* [WORK REQUIRED]
Write out each line of the entries below that holds the word "definition".

========================================================================

(* Let $\mathbf{b}=(b_n)_{n\in\mathbb{N}_0}$ be a $D$-sequence with $\frac{b_{n+1}}{b_n}\to\infty$. Then $$(\mathbb{Z},\tau_{\mathbf{b}})^\wedge=\Big\langle\Big\{\tfrac{1}{b_n}+\mathbb{Z}: n\in\mathbb{N}\Big\}\Big\rangle=(\mathbb{Z},\lambda_{\mathbf{b}})^\wedge,$$ where a character $\chi$ of $\mathbb{Z}$ is identified with $\chi(1)\in\mathbb{T}$; that is, a homomorphism $\chi:\mathbb{Z}\to\mathbb{T}$ is $\tau_{\mathbf{b}}$-continuous if and only if it is $\lambda_{\mathbf{b}}$-continuous, if and only if $\chi(1)=\frac{a}{b_n}+\mathbb{Z}$ for some $a\in\mathbb{Z}$, $n\in\mathbb{N}$.
   Context: $\mathbb{T}=\mathbb{R}/\mathbb{Z}$; $\mathbb{T}_m=[-\frac{1}{4m},\frac{1}{4m}]+\mathbb{Z}$. For a topological abelian group $G$, $G^\wedge$ is the group of continuous homomorphisms $G\to\mathbb{T}$. A $D$-sequence is a sequence $\mathbf{b}=(b_n)_{n\in\mathbb{N}_0}$ of natural numbers with $b_0=1$, $b_n\mid b_{n+1}$, $b_n\neq b_{n+1}$. $\lambda_{\mathbf{b}}$ is the group topology on $\mathbb{Z}$ with neighborhood basis $\{b_n\mathbb{Z}\}_{n\in\mathbb{N}_0}$ at $0$. $\tau_{\mathbf{b}}$ is the group topology on $\mathbb{Z}$ with neighborhood basis at $0$ given by $V_{\mathbf{b},m}=\{k\in\mathbb{Z}: \frac{k}{b_n}+\mathbb{Z}\in\mathbb{T}_m \text{ for all } n\in\mathbb{N}\}$, $m\in\mathbb{N}$. *)

theory Defs
  imports "HOL-Analysis.Analysis"
begin

text \<open>The circle group T = R/Z, realised as the set of cosets x + Z.\<close>
definition coset :: "real \<Rightarrow> real set" where
  "coset x = {x + of_int k | k. True}"

definition Tcirc :: "real set set" where
  "Tcirc = range coset"

definition tadd :: "real set \<Rightarrow> real set \<Rightarrow> real set" where
  "tadd A B = {a + b | a b. a \<in> A \<and> b \<in> B}"

definition T_top :: "real set topology" where
  "T_top = topology (\<lambda>U. U \<subseteq> Tcirc \<and> open {x. coset x \<in> U})"

definition is_hom_ZT :: "(int \<Rightarrow> real set) \<Rightarrow> bool" where
  "is_hom_ZT chi \<longleftrightarrow> (\<forall>k. chi k \<in> Tcirc) \<and> (\<forall>k l. chi (k + l) = tadd (chi k) (chi l))"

========================================================================

* [WRITTEN ANSWER]
definition coset :: "real \<Rightarrow> real set" where
definition Tcirc :: "real set set" where
definition tadd :: "real set \<Rightarrow> real set \<Rightarrow> real set" where
definition T_top :: "real set topology" where
definition is_hom_ZT :: "(int \<Rightarrow> real set) \<Rightarrow> bool" where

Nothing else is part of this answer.